(* Fix $T\ge1$ and $\delta\in(0,1)$ and run Variation-aware UCRL with confidence parameter $\delta$ and variation parameters $\tilde V^r=V^r_T$, $\tilde V^p=V^p_T$. For a step $t\le T$, let $\mathcal M(t)$ be the set of MDPs with rewards $\tilde r$ and transition probabilities $\tilde p$ such that for all $(s,a)$: $|\tilde r(s,a)-\hat r_t(s,a)|\le V^r_T+\sqrt{8\log(8SAt^3/\delta)/\max(1,N_t(s,a))}$ and $\|\tilde p(\cdot\mid s,a)-\hat p_t(\cdot\mid s,a)\|_1\le V^p_T+\sqrt{8S\log(8SAt^3/\delta)/\max(1,N_t(s,a))}$. Then with probability at least $1-\frac{5\delta}{6}$, for every $t=1,\dots,T$ the set $\mathcal M(t)$ contains all MDPs $M_\tau$, $\tau=1,\dots,T$.
   Context: Let $\mathcal S$ be a finite set of $S$ states and $\mathcal A$ a finite set of $A$ actions. Changing environment: for every step $t$ there is an MDP $M_t=(\mathcal S,\mathcal A,\bar r_t,p_t,s_1)$ (fixed in advance). At step $t$, in state $s_t$, the learner chooses $a_t$, receives a random reward $r_t\in[0,1]$ with mean $\bar r_t(s_t,a_t)$, and moves to $s_{t+1}\sim p_t(\cdot\mid s_t,a_t)$. Variations: $V^r_T=\sum_{t=1}^{T-1}\max_{s,a}|\bar r_{t+1}(s,a)-\bar r_t(s,a)|$, $V^p_T=\sum_{t=1}^{T-1}\max_{s,a}\|p_{t+1}(\cdot\mid s,a)-p_t(\cdot\mid s,a)\|_1$. For a step $t$, $N_t(s,a)$ is the number of steps $\tau<t$ with $(s_\tau,a_\tau)=(s,a)$, $\hat r_t(s,a)=\sum_{\tau<t}r_\tau\mathbb 1\{s_\tau=s,a_\tau=a\}/\max(1,N_t(s,a))$ and $\hat p_t(s'\mid s,a)=\#\{\tau<t:s_\tau=s,a_\tau=a,s_{\tau+1}=s'\}/\max(1,N_t(s,a))$. Variation-aware UCRL (inputs $\delta$, $\tilde V^r,\tilde V^p\ge0$) proceeds in episodes $k=1,2,\dots$ starting at steps $t_k$ ($t_1=1$). With $N_k:=N_{t_k}$, $\hat r_k:=\hat r_{t_k}$, $\hat p_k:=\hat p_{t_k}$ and $v_k(s,a)$ the number of visits of $(s,a)$ within episode $k$, the plausible set $\mathcal M_k$ consists of all MDPs satisfying $|\tilde r(s,a)-\hat r_k(s,a)|\le\tilde V^r+\sqrt{8\log(8SAt_k^3/\delta)/\max(1,N_k(s,a))}$ and $\|\tilde p(\cdot\mid s,a)-\hat p_k(\cdot\mid s,a)\|_1\le\tilde V^p+\sqrt{8S\log(8SAt_k^3/\delta)/\max(1,N_k(s,a))}$ for all $(s,a)$. The algorithm computes a stationary policy $\tilde\pi_k$ and $\tilde M_k\in\mathcal M_k$ with $\rho(\tilde M_k,\tilde\pi_k)=\max_{M'\in\mathcal M_k}\rho^*(M')$ (where $\rho^*$ is the optimal long-run average reward), and plays $a_t=\tilde\pi_k(s_t)$ as long as $v_k(s_t,\tilde\pi_k(s_t))<\max(1,N_k(s_t,\tilde\pi_k(s_t)))$; when this fails a new episode begins. *)

theory Defs
  imports "HOL-Probability.Probability"
begin
(* Let $G$ be a locally compact group, $G_e$ the connected component of its identity and $q_e:G\to G/G_e$ the quotient map. Let $(\eta_{td},G^{td})$ be the totally disconnected compactification of $G$ and $(\tilde{\eta}_{td},(G/G_e)^{td})$ the totally disconnected compactification of $G/G_e$. Then there is an isomorphism of topological groups $\theta:G^{td}\to(G/G_e)^{td}$ with $\theta\circ\eta_{td}=\tilde{\eta}_{td}\circ q_e$; that is, the compactifications $(\eta_{td},G^{td})$ and $(\tilde{\eta}_{td}\circ q_e,(G/G_e)^{td})$ of $G$ coincide. In particular $G^{td}\cong(G/G_e)^{td}$.
   Context: For a locally compact group $G$, let $(\eta_{ap},G^{ap})$ be its maximal almost periodic (Bohr) compactification: $G^{ap}$ is a compact group and $\eta_{ap}:G\to G^{ap}$ a continuous homomorphism with dense range, universal among such group compactifications. Let $(G^{ap})_e$ be the connected component of the identity in $G^{ap}$ and $q^{ap}_e:G^{ap}\to G^{ap}/(G^{ap})_e$ the quotient map. The totally disconnected compactification of $G$ is $(\eta_{td},G^{td})$ where $G^{td}=G^{ap}/(G^{ap})_e$ and $\eta_{td}=q^{ap}_e\circ\eta_{ap}$. *)

theory Defs
  imports "HOL-Analysis.Analysis" "HOL-Algebra.Algebra"
begin

definition topological_group :: "('a, 'm) monoid_scheme \<Rightarrow> 'a topology \<Rightarrow> bool" where
  "topological_group G T \<longleftrightarrow>
     group G \<and> topspace T = carrier G \<and>
     continuous_map (prod_topology T T) T (\<lambda>(x, y). x \<otimes>\<^bsub>G\<^esub> y) \<and>
     continuous_map T T (\<lambda>x. inv\<^bsub>G\<^esub> x)"

definition compact_group :: "('a, 'm) monoid_scheme \<Rightarrow> 'a topology \<Rightarrow> bool" where
  "compact_group G T \<longleftrightarrow> topological_group G T \<and> Hausdorff_space T \<and> compact_space T"

definition locally_compact_group :: "('a, 'm) monoid_scheme \<Rightarrow> 'a topology \<Rightarrow> bool" where
  "locally_compact_group G T \<longleftrightarrow>
     topological_group G T \<and> Hausdorff_space T \<and> locally_compact_space T"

■ ■ ■

• _Your goal_
Return all of the entries word for word.

• _Your solution_
(* Fix $T\ge1$ and $\delta\in(0,1)$ and run Variation-aware UCRL with confidence parameter $\delta$ and variation parameters $\tilde V^r=V^r_T$, $\tilde V^p=V^p_T$. For a step $t\le T$, let $\mathcal M(t)$ be the set of MDPs with rewards $\tilde r$ and transition probabilities $\tilde p$ such that for all $(s,a)$: $|\tilde r(s,a)-\hat r_t(s,a)|\le V^r_T+\sqrt{8\log(8SAt^3/\delta)/\max(1,N_t(s,a))}$ and $\|\tilde p(\cdot\mid s,a)-\hat p_t(\cdot\mid s,a)\|_1\le V^p_T+\sqrt{8S\log(8SAt^3/\delta)/\max(1,N_t(s,a))}$. Then with probability at least $1-\frac{5\delta}{6}$, for every $t=1,\dots,T$ the set $\mathcal M(t)$ contains all MDPs $M_\tau$, $\tau=1,\dots,T$.
   Context: Let $\mathcal S$ be a finite set of $S$ states and $\mathcal A$ a finite set of $A$ actions. Changing environment: for every step $t$ there is an MDP $M_t=(\mathcal S,\mathcal A,\bar r_t,p_t,s_1)$ (fixed in advance). At step $t$, in state $s_t$, the learner chooses $a_t$, receives a random reward $r_t\in[0,1]$ with mean $\bar r_t(s_t,a_t)$, and moves to $s_{t+1}\sim p_t(\cdot\mid s_t,a_t)$. Variations: $V^r_T=\sum_{t=1}^{T-1}\max_{s,a}|\bar r_{t+1}(s,a)-\bar r_t(s,a)|$, $V^p_T=\sum_{t=1}^{T-1}\max_{s,a}\|p_{t+1}(\cdot\mid s,a)-p_t(\cdot\mid s,a)\|_1$. For a step $t$, $N_t(s,a)$ is the number of steps $\tau<t$ with $(s_\tau,a_\tau)=(s,a)$, $\hat r_t(s,a)=\sum_{\tau<t}r_\tau\mathbb 1\{s_\tau=s,a_\tau=a\}/\max(1,N_t(s,a))$ and $\hat p_t(s'\mid s,a)=\#\{\tau<t:s_\tau=s,a_\tau=a,s_{\tau+1}=s'\}/\max(1,N_t(s,a))$. Variation-aware UCRL (inputs $\delta$, $\tilde V^r,\tilde V^p\ge0$) proceeds in episodes $k=1,2,\dots$ starting at steps $t_k$ ($t_1=1$). With $N_k:=N_{t_k}$, $\hat r_k:=\hat r_{t_k}$, $\hat p_k:=\hat p_{t_k}$ and $v_k(s,a)$ the number of visits of $(s,a)$ within episode $k$, the plausible set $\mathcal M_k$ consists of all MDPs satisfying $|\tilde r(s,a)-\hat r_k(s,a)|\le\tilde V^r+\sqrt{8\log(8SAt_k^3/\delta)/\max(1,N_k(s,a))}$ and $\|\tilde p(\cdot\mid s,a)-\hat p_k(\cdot\mid s,a)\|_1\le\tilde V^p+\sqrt{8S\log(8SAt_k^3/\delta)/\max(1,N_k(s,a))}$ for all $(s,a)$. The algorithm computes a stationary policy $\tilde\pi_k$ and $\tilde M_k\in\mathcal M_k$ with $\rho(\tilde M_k,\tilde\pi_k)=\max_{M'\in\mathcal M_k}\rho^*(M')$ (where $\rho^*$ is the optimal long-run average reward), and plays $a_t=\tilde\pi_k(s_t)$ as long as $v_k(s_t,\tilde\pi_k(s_t))<\max(1,N_k(s_t,\tilde\pi_k(s_t)))$; when this fails a new episode begins. *)

theory Defs
  imports "HOL-Probability.Probability"
begin
(* Let $G$ be a locally compact group, $G_e$ the connected component of its identity and $q_e:G\to G/G_e$ the quotient map. Let $(\eta_{td},G^{td})$ be the totally disconnected compactification of $G$ and $(\tilde{\eta}_{td},(G/G_e)^{td})$ the totally disconnected compactification of $G/G_e$. Then there is an isomorphism of topological groups $\theta:G^{td}\to(G/G_e)^{td}$ with $\theta\circ\eta_{td}=\tilde{\eta}_{td}\circ q_e$; that is, the compactifications $(\eta_{td},G^{td})$ and $(\tilde{\eta}_{td}\circ q_e,(G/G_e)^{td})$ of $G$ coincide. In particular $G^{td}\cong(G/G_e)^{td}$.
   Context: For a locally compact group $G$, let $(\eta_{ap},G^{ap})$ be its maximal almost periodic (Bohr) compactification: $G^{ap}$ is a compact group and $\eta_{ap}:G\to G^{ap}$ a continuous homomorphism with dense range, universal among such group compactifications. Let $(G^{ap})_e$ be the connected component of the identity in $G^{ap}$ and $q^{ap}_e:G^{ap}\to G^{ap}/(G^{ap})_e$ the quotient map. The totally disconnected compactification of $G$ is $(\eta_{td},G^{td})$ where $G^{td}=G^{ap}/(G^{ap})_e$ and $\eta_{td}=q^{ap}_e\circ\eta_{ap}$. *)

theory Defs
  imports "HOL-Analysis.Analysis" "HOL-Algebra.Algebra"
begin

definition topological_group :: "('a, 'm) monoid_scheme \<Rightarrow> 'a topology \<Rightarrow> bool" where
  "topological_group G T \<longleftrightarrow>
     group G \<and> topspace T = carrier G \<and>
     continuous_map (prod_topology T T) T (\<lambda>(x, y). x \<otimes>\<^bsub>G\<^esub> y) \<and>
     continuous_map T T (\<lambda>x. inv\<^bsub>G\<^esub> x)"

definition compact_group :: "('a, 'm) monoid_scheme \<Rightarrow> 'a topology \<Rightarrow> bool" where
  "compact_group G T \<longleftrightarrow> topological_group G T \<and> Hausdorff_space T \<and> compact_space T"

definition locally_compact_group :: "('a, 'm) monoid_scheme \<Rightarrow> 'a topology \<Rightarrow> bool" where
  "locally_compact_group G T \<longleftrightarrow>
     topological_group G T \<and> Hausdorff_space T \<and> locally_compact_space T"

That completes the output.